7.6On his tattoo and his sympathy for Christianity, the Committee notes that the author identifies himself as a Sunni Muslim and that, even if he admitted that his practice was not “strong”, he nevertheless practises Islam and has never converted to Christianity. The Committee also notes that the author, while claiming the existence of a risk of being perceived as a Christian convert in Afghanistan, has not commented on the State party’s reference to country information indicating that Afghans have great understanding for compatriots who try everything to obtain residence in Europe.
7.7The Committee recalls paragraph 12 of its general comment No. 31 (2004), in which it refers to the obligation of States parties not to extradite, deport, expel or otherwise remove a person from their territory when there are substantial grounds for believing that there is a real risk of irreparable harm, such as that contemplated by articles 6 and 7 of the Covenant.

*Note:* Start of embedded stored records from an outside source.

lemma has_real_derivative_mono_coordinate:
  assumes "x \<in> pos_orthant"
  shows "((\<lambda>t. mono (\<chi> j. if j = i then t else x $ j) a)
          has_real_derivative (a $ i / x $ i * mono x a)) (at (x $ i))"
proof -
  define K where "K = (\<Prod>j\<in>UNIV - {i}. x $ j powr a $ j)"
  have xi: "x $ i > 0" using assms by (auto simp: pos_orthant_def)
  have split: "mono (\<chi> j. if j = i then t else x $ j) a = t powr a $ i * K" for t
  proof -
    have "mono (\<chi> j. if j = i then t else x $ j) a
        = (\<Prod>j\<in>UNIV. (if j = i then t else x $ j) powr a $ j)"
      by (simp add: mono_def)
    also have "\<dots> = (if i = i then t else x $ i) powr a $ i
        * (\<Prod>j\<in>UNIV - {i}. (if j = i then t else x $ j) powr a $ j)"
      by (rule prod.remove) auto
    also have "(\<Prod>j\<in>UNIV - {i}. (if j = i then t else x $ j) powr a $ j) = K"
      unfolding K_def by (intro prod.cong) auto
    finally show ?thesis by simp
  qed
  have "(\<chi> j. if j = i then x $ i else x $ j) = x"
    by (simp add: vec_eq_iff)
  then have "mono x a = x $ i powr a $ i * K"
    using split[of "x $ i"] by simp
  then have "a $ i * x $ i powr (a $ i - 1) * K = a $ i / x $ i * mono x a"
    using xi by (simp add: powr_diff)
  moreover have "((\<lambda>t. t powr a $ i * K)
      has_real_derivative a $ i * x $ i powr (a $ i - 1) * K) (at (x $ i))"
    by (rule DERIV_cmult_right[OF has_real_derivative_powr[OF xi]])
  ultimately show ?thesis
    by (simp add: split)
qed

lemma scaled_partial_signomial:
  fixes f :: "real^'n \<Rightarrow> real"
  assumes "finite A" "finite B"
    and f: "\<forall>x\<in>pos_orthant. f x = (\<Sum>a\<in>A. c a * mono x a) - (\<Sum>b\<in>B. c b * mono x b)"
    and x: "x \<in> pos_orthant"
  shows "x $ i * partial f i x
       = (\<Sum>a\<in>A. c a * mono x a * a $ i) - (\<Sum>b\<in>B. c b * mono x b * b $ i)"
proof -
  have xi: "x $ i > 0" using x by (auto simp: pos_orthant_def)
  define p where "p t = (\<chi> j. if j = i then t else x $ j)" for t
  define D where "D = (\<Sum>a\<in>A. c a * (a $ i / x $ i * mono x a))
                     - (\<Sum>b\<in>B. c b * (b $ i / x $ i * mono x b))"
  have "((\<lambda>t. (\<Sum>a\<in>A. c a * mono (p t) a) - (\<Sum>b\<in>B. c b * mono (p t) b))
          has_real_derivative D) (at (x $ i))"
    unfolding D_def p_def
    by (intro DERIV_diff DERIV_sum DERIV_cmult has_real_derivative_mono_coordinate x)
  moreover have "open {0::real<..}" "x $ i \<in> {0<..}" using xi by auto
  moreover have "(\<Sum>a\<in>A. c a * mono (p t) a) - (\<Sum>b\<in>B. c b * mono (p t) b) = f (p t)"
    if "t \<in> {0<..}" for t
  proof -
    have "p t \<in> pos_orthant" using that x by (auto simp: p_def pos_orthant_def)
    then show ?thesis using f by simp
  qed
  ultimately have "((\<lambda>t. f (p t)) has_real_derivative D) (at (x $ i))"
    by (rule has_field_derivative_transform_within_open)
  then have "partial f i x = D"
    unfolding partial_def p_def by (rule DERIV_imp_deriv)
  moreover have "x $ i * D
      = (\<Sum>a\<in>A. c a * mono x a * a $ i) - (\<Sum>b\<in>B. c b * mono x b * b $ i)"
    using xi unfolding D_def by (simp add: right_diff_distrib sum_distrib_left field_simps)
  ultimately show ?thesis by simp
qed

lemma Sing_pos_signomial_balance:
  fixes f :: "real^'n \<Rightarrow> real"
  assumes "finite A" "finite B"
    and f: "\<forall>x\<in>pos_orthant. f x = (\<Sum>a\<in>A. c a * mono x a) - (\<Sum>b\<in>B. c b * mono x b)"
    and x: "x \<in> Sing_pos f"
  shows "(\<Sum>a\<in>A. c a * mono x a) = (\<Sum>b\<in>B. c b * mono x b)"
    and "(\<Sum>a\<in>A. (c a * mono x a) *\<^sub>R a) = (\<Sum>b\<in>B. (c b * mono x b) *\<^sub>R b)"
proof -
  have xp: "x \<in> pos_orthant" and "f x = 0" and crit: "\<And>i. x $ i * partial f i x = 0"
    using x by (auto simp: Sing_pos_def)
  from \<open>f x = 0\<close> show "(\<Sum>a\<in>A. c a * mono x a) = (\<Sum>b\<in>B. c b * mono x b)"
    using f xp by simp
  show "(\<Sum>a\<in>A. (c a * mono x a) *\<^sub>R a) = (\<Sum>b\<in>B. (c b * mono x b) *\<^sub>R b)"
  proof (subst vec_eq_iff, intro allI)
    fix i
    have "(\<Sum>a\<in>A. c a * mono x a * a $ i) = (\<Sum>b\<in>B. c b * mono x b * b $ i)"
      using crit[of i] unfolding scaled_partial_signomial[OF assms(1,2) f xp] by simp
    then show "(\<Sum>a\<in>A. (c a * mono x a) *\<^sub>R a) $ i = (\<Sum>b\<in>B. (c b * mono x b) *\<^sub>R b) $ i"
      by simp
  qed
qed

lemma extended_circuit_affine_independent:
  assumes "Ap \<inter> Am = {}" "Am \<noteq> {}" "extended_circuit Ap Am"
  shows "\<not> affine_dependent Ap" and "Am \<subseteq> convex hull Ap"
proof -
  have "\<not> (card (Ap \<union> Am) = 1 \<and> card Ap = 1)"
  proof
    assume "card (Ap \<union> Am) = 1 \<and> card Ap = 1"
    then obtain z w where "Ap \<union> Am = {z}" "Ap = {w}"
      by (meson card_1_singletonE)
    with assms(1,2) show False by auto
  qed
  with assms(3) obtain k where k: "k simplex (convex hull (Ap \<union> Am))"
    and ext: "{v. v extreme_point_of (convex hull (Ap \<union> Am))} = Ap"
    unfolding extended_circuit_def by blast
  from k obtain C where C: "\<not> affine_dependent C" "convex hull (Ap \<union> Am) = convex hull C"
    unfolding simplex_def by metis
  with ext have "C = Ap"
    using extreme_point_of_convex_hull_affine_independent[OF C(1)] by auto
  with C show "\<not> affine_dependent Ap" "Am \<subseteq> convex hull Ap"
    using hull_subset[of "Ap \<union> Am" convex] by auto
qed

lemma affine_independent_coefficients_unique:
  fixes A :: "'a::euclidean_space set"
  assumes "\<not> affine_dependent A" "sum u A = sum v A"
    and "(\<Sum>a\<in>A. u a *\<^sub>R a) = (\<Sum>a\<in>A. v a *\<^sub>R a)" "a \<in> A"
  shows "u a = v a"
proof (rule ccontr)
  assume "u a \<noteq> v a"
  moreover have "sum (\<lambda>a. u a - v a) A = 0" "(\<Sum>a\<in>A. (u a - v a) *\<^sub>R a) = 0"
    using assms(2,3) by (simp_all add: sum_subtractf scaleR_left_diff_distrib)
  ultimately have "affine_dependent A"
    using assms(1,4) aff_independent_finite
    by (subst affine_dependent_explicit_finite) (auto intro!: exI[of _ "\<lambda>a. u a - v a"])
  with assms(1) show False ..
qed

lemma sum_positive_support:
  fixes l :: "'a \<Rightarrow> real" and g :: "'a \<Rightarrow> 'b::real_vector"
  assumes "finite A" "\<forall>a\<in>A. 0 \<le> l a"
  shows "(\<Sum>a\<in>{a\<in>A. 0 < l a}. l a *\<^sub>R g a) = (\<Sum>a\<in>A. l a *\<^sub>R g a)"
proof (rule sum.mono_neutral_left)
  show "\<forall>a\<in>A - {a\<in>A. 0 < l a}. l a *\<^sub>R g a = 0"
  proof
    fix a assume "a \<in> A - {a\<in>A. 0 < l a}"
    with assms(2) have "0 \<le> l a" "\<not> 0 < l a" by auto
    then have "l a = 0" by linarith
    then show "l a *\<^sub>R g a = 0" by simp
  qed
qed (simp_all add: assms(1))

lemma rel_interior_convex_hull_support:
  fixes l :: "'a::euclidean_space \<Rightarrow> real"
  assumes "\<not> affine_dependent A" "\<forall>a\<in>A. 0 \<le> l a" "sum l A = 1" "(\<Sum>a\<in>A. l a *\<^sub>R a) = b"
  shows "b \<in> rel_interior (convex hull {a\<in>A. 0 < l a})"
proof -
  let ?S = "{a\<in>A. 0 < l a}"
  have "finite A" using assms(1) aff_independent_finite by blast
  have "sum l ?S = 1"
    using sum_positive_support[OF \<open>finite A\<close> assms(2), of "\<lambda>_. 1::real"] assms(3) by simp
  moreover have "(\<Sum>a\<in>?S. l a *\<^sub>R a) = b"
    using sum_positive_support[OF \<open>finite A\<close> assms(2), of "\<lambda>a. a"] assms(4) by simp
  moreover have "\<not> affine_dependent ?S"
    using assms(1) affine_independent_subset[of A ?S] by blast
  ultimately show ?thesis
    unfolding rel_interior_convex_hull_explicit[OF \<open>\<not> affine_dependent ?S\<close>]
    by (intro CollectI exI[of _ l] conjI) simp_all
qed

lemma face_rel_convex_hull_affine_independent:
  assumes "\<not> affine_dependent A" "S \<subseteq> A" "b \<in> rel_interior (convex hull S)"
  shows "face_rel b (convex hull A) = convex hull S"
  unfolding face_rel_def
proof (rule the_equality)
  have "convex hull S face_of convex hull A"
    using face_of_convex_hull_affine_independent[OF assms(1)] assms(2) by blast
  with assms(3) show "convex hull S face_of convex hull A \<and> b \<in> rel_interior (convex hull S)"
    by blast
  then show "F = convex hull S" if "F face_of convex hull A \<and> b \<in> rel_interior F" for F
    using that face_of_eq by blast
qed

lemma Int_convex_hull_affine_independent:
  assumes "\<not> affine_dependent A" "S \<subseteq> A"
  shows "A \<inter> convex hull S = S"
proof
  show "S \<subseteq> A \<inter> convex hull S" using assms(2) hull_subset[of S convex] by blast
  show "A \<inter> convex hull S \<subseteq> S"
  proof
    fix a assume a: "a \<in> A \<inter> convex hull S"
    show "a \<in> S"
    proof (rule ccontr)
      assume "a \<notin> S"
      with assms(2) have "S \<subseteq> A - {a}" by blast
      then have "convex hull S \<subseteq> affine hull (A - {a})"
        by (meson convex_hull_subset_affine_hull hull_mono subset_trans)
      with a assms(1) show False unfolding affine_dependent_def by blast
    qed
  qed
qed

lemma circuit_if_rel_interior_convex_hull:
  assumes "\<not> affine_dependent S" "b \<in> rel_interior (convex hull S)"
  shows "circuit S {b}"
proof -
  have hull_eq: "convex hull (S \<union> {b}) = convex hull S"
    using assms(2) rel_interior_subset
    by (metis Un_commute hull_insert hull_redundant insert_is_Un subsetD)
  have "\<exists>k. k simplex convex hull S"
    unfolding simplex_def using assms(1) by (intro exI[of _ "int (card S) - 1"] exI[of _ S]) simp
  moreover have "{v. v extreme_point_of convex hull S} = S"
    using extreme_point_of_convex_hull_affine_independent[OF assms(1)] by blast
  ultimately show ?thesis
    using assms(2) unfolding circuit_def extended_circuit_def hull_eq by simp
qed

lemma barycentric_support_face:
  assumes ind: "\<not> affine_dependent A"
    and "\<forall>a\<in>A. 0 \<le> l a" "sum l A = 1" "(\<Sum>a\<in>A. l a *\<^sub>R a) = b"
  shows "A \<inter> face_rel b (convex hull A) = {a\<in>A. 0 < l a}"
    and "circuit {a\<in>A. 0 < l a} {b}"
proof -
  have S: "{a\<in>A. 0 < l a} \<subseteq> A" by blast
  have "b \<in> rel_interior (convex hull {a\<in>A. 0 < l a})"
    using rel_interior_convex_hull_support[OF assms] .
  then show "A \<inter> face_rel b (convex hull A) = {a\<in>A. 0 < l a}"
    and "circuit {a\<in>A. 0 < l a} {b}"
    using face_rel_convex_hull_affine_independent[OF ind S] Int_convex_hull_affine_independent[OF ind S]
      circuit_if_rel_interior_convex_hull[OF affine_independent_subset[OF ind S]] by auto
qed

lemma copositive_circuit_vanishing_at:
  fixes y :: "real^'n"
  assumes "finite S" "\<forall>a\<in>S. 0 \<le> l a" "sum l S = 1" "(\<Sum>a\<in>S. l a *\<^sub>R a) = b"
    and y: "y \<in> pos_orthant" and "0 \<le> d"
  shows "copositive (\<lambda>x. (\<Sum>a\<in>S. l a * (d * mono y b / mono y a * mono x a)) - d * mono x b)"
  unfolding copositive_def
proof
  fix x :: "real^'n" assume x: "x \<in> pos_orthant"
  define v where "v = log_coords x - log_coords y"
  have shift: "mono x a = mono y a * exp (a \<bullet> v)" for a
    using mono_divide_mono[OF x y, of a] mono_pos[OF y, of a] unfolding v_def
    by (simp add: field_simps)
  have "S \<noteq> {}" using assms(3) by auto
  have "exp (\<Sum>a\<in>S. l a *\<^sub>R (a \<bullet> v)) \<le> (\<Sum>a\<in>S. l a * exp (a \<bullet> v))"
    by (rule convex_on_sum[OF assms(1) \<open>S \<noteq> {}\<close> exp_convex assms(3)]) (use assms(2) in auto)
  moreover have "b \<bullet> v = (\<Sum>a\<in>S. l a *\<^sub>R (a \<bullet> v))"
    unfolding assms(4)[symmetric] by (simp add: inner_sum_left)
  ultimately have jensen: "exp (b \<bullet> v) \<le> (\<Sum>a\<in>S. l a * exp (a \<bullet> v))"
    by simp
  have "(\<Sum>a\<in>S. l a * (d * mono y b / mono y a * mono x a)) - d * mono x b
      = d * mono y b * ((\<Sum>a\<in>S. l a * exp (a \<bullet> v)) - exp (b \<bullet> v))"
    using mono_pos[OF y]
    by (simp add: shift sum_distrib_left right_diff_distrib mult_ac less_imp_neq[symmetric])
  also have "\<dots> \<ge> 0"
    using jensen mono_pos[OF y, of b] \<open>0 \<le> d\<close> by simp
  finally show "0 \<le> (\<Sum>a\<in>S. l a * (d * mono y b / mono y a * mono x a)) - d * mono x b" .
qed

lemma signomials_single_negative_term:
  assumes "b \<notin> S" "\<forall>a\<in>S. 0 < w a" "0 < d"
    and "\<forall>x\<in>pos_orthant. g x = (\<Sum>a\<in>S. w a * mono x a) - d * mono x b"
  shows "g \<in> signomials S {b}"
proof -
  define c where "c a = (if a = b then d else w a)" for a
  have "(\<Sum>a\<in>S. c a * mono x a) = (\<Sum>a\<in>S. w a * mono x a)" for x
    using assms(1) by (intro sum.cong) (auto simp: c_def)
  then show ?thesis
    unfolding signomials_def using assms(2-4)
    by (intro CollectI exI[of _ c] conjI) (auto simp: c_def)
qed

The Committee has also indicated that the risk must be personal and that there is a high threshold for providing substantial grounds to establish that a real risk of irreparable harm exists. In making such assessment, all relevant facts and circumstances must be taken into consideration, including the general human rights situation in the author’s country of origin. The Committee recalls its jurisprudence according to which considerable weight should be given to the assessment conducted by the State party and reiterates that it is generally for the organs of the States parties to the Covenant to review and evaluate facts and evidence in a particular case in order to determine whether such a risk exists, unless it is found that the evaluation was clearly arbitrary or amounted to a denial of justice.
7.8In the light of the foregoing,the Committee observes that the author has failed to identify any such irregularity in the decision-making process of the Danish immigration authorities in the framework of his asylum proceedings and has failed to sufficiently substantiate why the decisions of these authorities were clearly arbitrary, manifestly erroneous or amounted to a denial of justice. Regarding the author’s reference to the Committee’s views in A.A.S. v. Denmark, the Committee notes that, in spite of some apparent similarities, that case fundamentally differs from the case at hand given the specific context in Somalia at that time and the distinct individual circumstances of its author, which, taken together, rendered him particularly vulnerable, and therefore considers it irrelevant in the present circumstances.
7.9Without prejudice to the continuing responsibility of the State party to take into account the situation in the country to which the author would be deported and not underestimating the concerns that may legitimately be expressed with respect to the general human rights situation in Afghanistan, the Committee considers that, in the light of all the available information regarding the author’s personal circumstances, his claims under articles 6 and 7 of the Covenant are insufficiently substantiated for the purposes of admissibility and are therefore inadmissible under article 2 of the Optional Protocol.
8.The Committee therefore decides:
(a)That the communication is inadmissible under article 2 of the Optional Protocol;
(b)That the present decision shall be transmitted to the State party and to the author.